PROBLEM DETAILS -
Using the records that appear below, write out exactly the lines from the one with "n = product_topology" through the one with "m = product_topology", keeping both end lines.
*** Opening of DATA FOR THE TASK ***
(* Let $k\geqslant 2$ and $m_1,\ldots,m_k\geqslant 2$. Write $S^{m_i}=\{(\mathbf{x}_i,z_i):\mathbf{x}_i\in\mathbb{R}^{m_i-1},\ z_i\in\mathbb{C},\ |\mathbf{x}_i|^2+|z_i|^2=1\}$. Let the torus $T^{k-1}=U(1)^{k-1}$ act on $S^{m_1}\times\cdots\times S^{m_k}$ by \[ (r_1,\ldots,r_{k-1})\cdot((\mathbf{x}_1,z_1),\ldots,(\mathbf{x}_k,z_k))=((\mathbf{x}_1,z_1r_1^{-1}),(\mathbf{x}_2,r_1z_2r_2^{-1}),\ldots,(\mathbf{x}_{k-1},r_{k-2}z_{k-1}r_{k-1}^{-1}),(\mathbf{x}_k,r_{k-1}z_k)). \] Then the orbit space $(S^{m_1}\times\cdots\times S^{m_k})/T^{k-1}$ is homeomorphic to the sphere $S^m$, $m=m_1+\cdots+m_k-(k-1)$, and the canonical projection onto the orbit space is given by \[ ((\mathbf{x}_1,z_1),\ldots,(\mathbf{x}_k,z_k))\mapsto\frac{(\mathbf{x}_1,\ldots,\mathbf{x}_k,z_1z_2\cdots z_k)}{\sqrt{|\mathbf{x}_1|^2+\cdots+|\mathbf{x}_k|^2+|z_1z_2\cdots z_k|^2}}\in S^m\subset\mathbb{R}^{m_1-1}\times\cdots\times\mathbb{R}^{m_k-1}\times\mathbb{C}. \] *)

theory Defs
  imports "HOL-Analysis.Analysis"
begin

(* R^n as functions {..<n} -> real (extensional), with the product (= Euclidean) topology *)
definition Rvec_top :: "nat \<Rightarrow> (nat \<Rightarrow> real) topology" where
  "Rvec_top n = product_topology (\<lambda>_. euclideanreal) {..<n}"

definition sph_factor :: "nat \<Rightarrow> ((nat \<Rightarrow> real) \<times> complex) topology" where
  "sph_factor n = subtopology (prod_topology (Rvec_top (n - 1)) euclidean)
     {(x, z). x \<in> topspace (Rvec_top (n - 1)) \<and> (\<Sum>j<n - 1. (x j)\<^sup>2) + (cmod z)\<^sup>2 = 1}"

(* S^{m_0} x ... x S^{m_(k-1)} (factors indexed 0..k-1) with the product topology *)
definition sph_product :: "nat \<Rightarrow> (nat \<Rightarrow> nat) \<Rightarrow> (nat \<Rightarrow> (nat \<Rightarrow> real) \<times> complex) topology" where
  "sph_product k m = product_topology (\<lambda>i. sph_factor (m i)) {..<k}"

definition target_sphere :: "nat \<Rightarrow> (nat \<Rightarrow> nat) \<Rightarrow> ((nat \<Rightarrow> nat \<Rightarrow> real) \<times> complex) topology" where
  "target_sphere k m = subtopology
     (prod_topology (product_topology (\<lambda>i. Rvec_top (m i - 1)) {..<k}) euclidean)
     {(x, w). x \<in> topspace (product_topology (\<lambda>i. Rvec_top (m i - 1)) {..<k}) \<and>
              (\<Sum>i<k. \<Sum>j<m i - 1. (x i j)\<^sup>2) + (cmod w)\<^sup>2 = 1}"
*** Close of DATA FOR THE TASK ***
SOLUTION FOR THIS PROBLEM -
  "Rvec_top n = product_topology (\<lambda>_. euclideanreal) {..<n}"

definition sph_factor :: "nat \<Rightarrow> ((nat \<Rightarrow> real) \<times> complex) topology" where
  "sph_factor n = subtopology (prod_topology (Rvec_top (n - 1)) euclidean)
     {(x, z). x \<in> topspace (Rvec_top (n - 1)) \<and> (\<Sum>j<n - 1. (x j)\<^sup>2) + (cmod z)\<^sup>2 = 1}"

(* S^{m_0} x ... x S^{m_(k-1)} (factors indexed 0..k-1) with the product topology *)
definition sph_product :: "nat \<Rightarrow> (nat \<Rightarrow> nat) \<Rightarrow> (nat \<Rightarrow> (nat \<Rightarrow> real) \<times> complex) topology" where
  "sph_product k m = product_topology (\<lambda>i. sph_factor (m i)) {..<k}"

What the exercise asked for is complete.